[Activity] Every line below between the one holding "using continuous_attains_sup by metis" and the one holding "using maximizer_gap_along_segment[OF _", inclusive, should be copied exactly, and no other line.

[Records for the task]
______
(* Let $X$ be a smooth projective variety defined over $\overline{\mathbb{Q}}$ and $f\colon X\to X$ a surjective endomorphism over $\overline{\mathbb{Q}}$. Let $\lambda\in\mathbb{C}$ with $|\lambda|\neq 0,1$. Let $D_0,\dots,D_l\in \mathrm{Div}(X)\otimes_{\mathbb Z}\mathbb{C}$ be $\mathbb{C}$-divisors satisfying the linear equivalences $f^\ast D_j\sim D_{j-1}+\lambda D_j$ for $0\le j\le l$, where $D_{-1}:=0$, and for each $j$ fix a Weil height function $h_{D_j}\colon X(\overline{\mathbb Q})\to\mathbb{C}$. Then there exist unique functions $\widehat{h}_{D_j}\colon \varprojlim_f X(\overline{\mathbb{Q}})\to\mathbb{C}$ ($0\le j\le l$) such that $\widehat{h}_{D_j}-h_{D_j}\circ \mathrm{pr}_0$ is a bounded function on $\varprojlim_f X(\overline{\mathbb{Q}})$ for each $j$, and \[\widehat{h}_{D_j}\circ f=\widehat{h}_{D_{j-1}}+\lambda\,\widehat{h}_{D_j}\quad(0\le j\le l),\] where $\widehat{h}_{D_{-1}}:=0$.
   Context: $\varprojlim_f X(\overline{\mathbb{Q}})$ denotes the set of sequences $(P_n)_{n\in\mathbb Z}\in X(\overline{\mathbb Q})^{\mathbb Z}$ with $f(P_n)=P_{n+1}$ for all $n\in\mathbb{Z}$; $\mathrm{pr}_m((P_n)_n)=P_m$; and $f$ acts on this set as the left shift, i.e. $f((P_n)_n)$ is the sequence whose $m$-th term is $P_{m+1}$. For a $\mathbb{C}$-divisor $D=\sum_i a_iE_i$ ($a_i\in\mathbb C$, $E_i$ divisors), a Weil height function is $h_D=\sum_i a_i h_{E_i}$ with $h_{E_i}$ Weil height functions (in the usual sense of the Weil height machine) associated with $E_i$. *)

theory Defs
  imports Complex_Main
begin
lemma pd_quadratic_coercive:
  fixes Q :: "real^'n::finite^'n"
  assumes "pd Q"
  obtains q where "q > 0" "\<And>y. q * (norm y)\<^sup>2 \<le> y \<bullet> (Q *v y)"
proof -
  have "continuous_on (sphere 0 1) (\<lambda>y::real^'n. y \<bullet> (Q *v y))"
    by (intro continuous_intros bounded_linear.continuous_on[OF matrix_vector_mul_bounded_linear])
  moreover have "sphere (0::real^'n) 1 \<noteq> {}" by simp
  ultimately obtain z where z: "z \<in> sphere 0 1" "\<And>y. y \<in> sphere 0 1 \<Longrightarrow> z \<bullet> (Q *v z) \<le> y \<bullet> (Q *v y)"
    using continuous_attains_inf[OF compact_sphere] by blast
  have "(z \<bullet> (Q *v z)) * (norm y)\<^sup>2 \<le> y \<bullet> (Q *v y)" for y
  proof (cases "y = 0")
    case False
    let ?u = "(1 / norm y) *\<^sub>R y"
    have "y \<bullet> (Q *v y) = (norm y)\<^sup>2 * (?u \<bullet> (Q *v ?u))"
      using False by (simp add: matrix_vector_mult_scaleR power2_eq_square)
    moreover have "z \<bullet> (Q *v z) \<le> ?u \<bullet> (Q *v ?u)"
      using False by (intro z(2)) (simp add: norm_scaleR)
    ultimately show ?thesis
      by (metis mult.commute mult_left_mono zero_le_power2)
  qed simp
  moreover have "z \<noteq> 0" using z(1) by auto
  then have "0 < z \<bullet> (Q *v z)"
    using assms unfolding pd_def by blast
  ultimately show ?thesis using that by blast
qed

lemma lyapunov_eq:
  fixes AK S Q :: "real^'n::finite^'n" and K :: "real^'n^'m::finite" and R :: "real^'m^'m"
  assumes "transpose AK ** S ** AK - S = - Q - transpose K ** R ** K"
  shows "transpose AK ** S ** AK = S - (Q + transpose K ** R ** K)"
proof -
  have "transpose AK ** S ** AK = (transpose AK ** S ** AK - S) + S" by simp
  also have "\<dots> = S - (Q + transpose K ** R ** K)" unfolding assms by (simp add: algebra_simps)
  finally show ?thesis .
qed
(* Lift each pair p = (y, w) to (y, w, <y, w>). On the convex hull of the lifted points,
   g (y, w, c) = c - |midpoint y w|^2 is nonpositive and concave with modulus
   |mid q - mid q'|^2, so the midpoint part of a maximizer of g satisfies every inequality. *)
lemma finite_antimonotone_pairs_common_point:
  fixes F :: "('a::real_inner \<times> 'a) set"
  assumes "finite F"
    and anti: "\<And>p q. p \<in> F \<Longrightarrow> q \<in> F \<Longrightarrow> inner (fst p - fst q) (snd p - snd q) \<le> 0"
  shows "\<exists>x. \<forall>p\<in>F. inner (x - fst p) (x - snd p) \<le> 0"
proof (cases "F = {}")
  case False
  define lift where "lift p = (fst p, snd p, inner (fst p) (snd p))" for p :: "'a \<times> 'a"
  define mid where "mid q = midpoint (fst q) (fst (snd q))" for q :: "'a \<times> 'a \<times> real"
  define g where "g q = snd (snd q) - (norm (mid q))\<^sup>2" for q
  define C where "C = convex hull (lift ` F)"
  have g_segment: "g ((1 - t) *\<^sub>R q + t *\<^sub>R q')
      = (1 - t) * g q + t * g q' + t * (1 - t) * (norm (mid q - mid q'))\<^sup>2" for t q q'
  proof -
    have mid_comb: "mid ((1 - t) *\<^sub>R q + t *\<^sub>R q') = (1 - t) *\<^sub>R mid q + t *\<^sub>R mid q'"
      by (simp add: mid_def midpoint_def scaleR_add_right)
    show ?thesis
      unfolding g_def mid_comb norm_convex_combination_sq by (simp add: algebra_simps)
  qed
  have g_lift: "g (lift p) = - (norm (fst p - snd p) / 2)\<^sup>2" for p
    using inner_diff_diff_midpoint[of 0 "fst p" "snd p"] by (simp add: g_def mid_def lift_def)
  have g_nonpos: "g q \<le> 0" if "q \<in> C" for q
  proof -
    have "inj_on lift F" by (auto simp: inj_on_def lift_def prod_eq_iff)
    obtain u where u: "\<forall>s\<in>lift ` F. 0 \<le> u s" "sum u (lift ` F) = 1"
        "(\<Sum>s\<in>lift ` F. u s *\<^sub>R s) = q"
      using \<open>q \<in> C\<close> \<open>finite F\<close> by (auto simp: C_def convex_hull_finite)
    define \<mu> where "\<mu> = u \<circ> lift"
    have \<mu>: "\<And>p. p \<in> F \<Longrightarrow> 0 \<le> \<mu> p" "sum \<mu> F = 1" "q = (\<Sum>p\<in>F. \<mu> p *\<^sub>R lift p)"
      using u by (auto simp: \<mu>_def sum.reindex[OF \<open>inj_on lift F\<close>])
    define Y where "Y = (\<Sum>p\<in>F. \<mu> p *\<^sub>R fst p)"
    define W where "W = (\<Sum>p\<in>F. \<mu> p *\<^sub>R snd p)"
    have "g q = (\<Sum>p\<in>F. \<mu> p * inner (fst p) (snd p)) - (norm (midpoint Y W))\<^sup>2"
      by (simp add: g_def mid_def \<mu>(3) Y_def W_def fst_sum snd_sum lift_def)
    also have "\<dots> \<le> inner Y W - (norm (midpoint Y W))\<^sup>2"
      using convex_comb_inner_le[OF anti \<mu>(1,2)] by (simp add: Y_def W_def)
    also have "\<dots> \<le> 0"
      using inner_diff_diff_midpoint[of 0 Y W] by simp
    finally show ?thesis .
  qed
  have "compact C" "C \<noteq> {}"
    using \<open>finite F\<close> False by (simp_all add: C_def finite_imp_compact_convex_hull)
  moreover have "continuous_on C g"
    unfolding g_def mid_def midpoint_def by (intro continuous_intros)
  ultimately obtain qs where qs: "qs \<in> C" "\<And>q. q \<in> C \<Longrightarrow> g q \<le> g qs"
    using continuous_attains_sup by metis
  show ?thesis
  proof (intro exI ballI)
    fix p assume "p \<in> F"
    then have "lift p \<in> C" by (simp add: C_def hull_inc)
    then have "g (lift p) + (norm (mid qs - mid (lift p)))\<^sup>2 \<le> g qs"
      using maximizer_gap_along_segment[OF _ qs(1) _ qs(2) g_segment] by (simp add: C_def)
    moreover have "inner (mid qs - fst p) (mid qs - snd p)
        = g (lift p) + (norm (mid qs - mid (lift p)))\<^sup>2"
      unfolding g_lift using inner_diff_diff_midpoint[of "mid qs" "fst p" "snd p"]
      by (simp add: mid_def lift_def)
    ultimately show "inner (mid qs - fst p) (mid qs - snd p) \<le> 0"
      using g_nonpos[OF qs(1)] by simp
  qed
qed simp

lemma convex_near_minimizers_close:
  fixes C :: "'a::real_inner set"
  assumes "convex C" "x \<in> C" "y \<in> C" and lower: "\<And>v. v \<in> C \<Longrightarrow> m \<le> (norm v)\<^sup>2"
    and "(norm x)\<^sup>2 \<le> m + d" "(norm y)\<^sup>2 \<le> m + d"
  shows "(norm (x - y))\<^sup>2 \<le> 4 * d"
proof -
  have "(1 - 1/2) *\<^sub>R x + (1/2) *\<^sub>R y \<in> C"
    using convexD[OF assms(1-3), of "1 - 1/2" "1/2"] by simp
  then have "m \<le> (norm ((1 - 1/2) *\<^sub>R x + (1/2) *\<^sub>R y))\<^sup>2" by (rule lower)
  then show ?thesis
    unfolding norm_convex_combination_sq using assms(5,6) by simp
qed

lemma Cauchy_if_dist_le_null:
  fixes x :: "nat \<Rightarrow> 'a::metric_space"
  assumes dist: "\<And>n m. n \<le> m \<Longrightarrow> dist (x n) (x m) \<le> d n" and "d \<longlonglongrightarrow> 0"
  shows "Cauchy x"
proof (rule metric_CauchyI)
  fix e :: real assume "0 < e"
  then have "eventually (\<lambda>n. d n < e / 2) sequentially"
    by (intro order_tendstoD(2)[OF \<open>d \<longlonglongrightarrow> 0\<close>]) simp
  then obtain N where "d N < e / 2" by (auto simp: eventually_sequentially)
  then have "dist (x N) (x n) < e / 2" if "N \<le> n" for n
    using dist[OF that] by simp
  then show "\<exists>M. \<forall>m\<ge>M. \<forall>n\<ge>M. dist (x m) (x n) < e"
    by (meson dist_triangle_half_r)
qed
______
[Output below]
    using continuous_attains_sup by metis
  show ?thesis
  proof (intro exI ballI)
    fix p assume "p \<in> F"
    then have "lift p \<in> C" by (simp add: C_def hull_inc)
    then have "g (lift p) + (norm (mid qs - mid (lift p)))\<^sup>2 \<le> g qs"
      using maximizer_gap_along_segment[OF _ qs(1) _ qs(2) g_segment] by (simp add: C_def)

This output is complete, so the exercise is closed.